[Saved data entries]
****************************************
lemma lreg_bscale: "lreg (bscale c x) = cscale c (lreg x)"
  by (rule lin_endo_eqI) (simp add: cscale_lin_endo.rep_eq Rep_lreg mul_bscale_left)

lemma lreg_one: "lreg (1, 0) = 1"
  by (rule lin_endo_eqI) (simp add: one_lin_endo.rep_eq Rep_lreg)

lemma lreg_zero: "lreg (0, 0) = 0"
  by (rule lin_endo_eqI) (simp add: zero_lin_endo.rep_eq Rep_lreg mul_eq)

lemma lreg_power: "lreg x ^ n = lreg (bpow lm rm x n)"
  by (induction n) (simp_all add: bpow_def lreg_one lreg_mult)

lemma lreg_add_pairs: "lreg (a, f) + lreg (a', f') = lreg (a + a', f + f')"
  using lreg_badd[of "(a, f)" "(a', f')"] by (simp add: badd_def)

lemma lreg_cscale_pair: "cscale c (lreg (a, f)) = lreg (cscale c a, cscale c f)"
  using lreg_bscale[of c "(a, f)"] by (simp add: bscale_def)

definition word_val :: "('a \<times> bool + 'f) list \<Rightarrow> 'a \<times> 'f" where
  "word_val w = foldr (\<lambda>l. mul (letter_val l)) w (1, 0)"

lemma word_val_Nil [simp]: "word_val [] = (1, 0)"
  by (simp add: word_val_def)

lemma word_val_Cons: "word_val (l # w) = mul (letter_val l) (word_val w)"
  by (simp add: word_val_def)

lemma word_val_append: "word_val (v @ w) = mul (word_val v) (word_val w)"
  by (induction v) (simp_all add: word_val_Cons mul_assoc)

lemma word_val_concat: "word_val (concat ws) = bprod_list lm rm (map word_val ws)"
  by (induction ws) (simp_all add: bprod_list_def word_val_append)

lemma prod_list_lreg_letters: "prod_list (map (\<lambda>l. lreg (letter_val l)) w) = lreg (word_val w)"
  by (induction w) (simp_all add: lreg_one lreg_mult word_val_Cons)

lemma word_val_normal_form:
  "word_val w = (if snd (normal_form w) = [] then (fst (normal_form w), 0)
     else (0, lm (fst (normal_form w)) (lprod (map (\<lambda>(g, c). rm g c) (snd (normal_form w))))))"
proof (induction w rule: normal_form.induct)
  case 1
  then show ?case by simp
next
  case (2 c i w)
  then show ?case by (auto simp: word_val_Cons mul_eq lm_mult)
next
  case (3 g w)
  then show ?case by (auto simp: word_val_Cons mul_eq rm_times_eq_times_lm[symmetric] lprod_Cons)
qed

lemma word_val_replicate: "word_val (replicate n (Inr f)) = bpow lm rm (0, f) n"
  by (induction n) (simp_all add: word_val_Cons bpow_def)

lemma bpow_in_balg_gen: "0 < n \<Longrightarrow> bpow lm rm x n \<in> balg_gen lm rm {x}"
proof (induction n)
  case (Suc n)
  then show ?case
    by (cases n) (auto simp: bpow_def intro: balg_gen.base balg_gen.mult)
qed simp

end

lemma alternating_Nil [simp]: "alternating []"
  and alternating_single [simp]: "alternating [x]"
  by (simp_all add: alternating_def)

lemma alternating_Cons_Cons: "alternating (x # y # ys) \<longleftrightarrow> x \<noteq> y \<and> alternating (y # ys)"
  by (auto simp: alternating_def nth_Cons split: nat.splits)

definition head_index :: "('a \<times> bool + 'f) list \<Rightarrow> bool option" where
  "head_index w = (case w of Inl (c, i) # _ \<Rightarrow> Some i | _ \<Rightarrow> None)"

lemma head_index_simps [simp]:
  "head_index [] = None" "head_index (Inl (c, i) # w) = Some i" "head_index (Inr g # w) = None"
  by (simp_all add: head_index_def)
****************************************
» Work to complete
From the entries, copy out each line containing the word "rule".

» Solution
  by (rule lin_endo_eqI) (simp add: cscale_lin_endo.rep_eq Rep_lreg mul_bscale_left)
  by (rule lin_endo_eqI) (simp add: one_lin_endo.rep_eq Rep_lreg)
  by (rule lin_endo_eqI) (simp add: zero_lin_endo.rep_eq Rep_lreg mul_eq)
proof (induction w rule: normal_form.induct)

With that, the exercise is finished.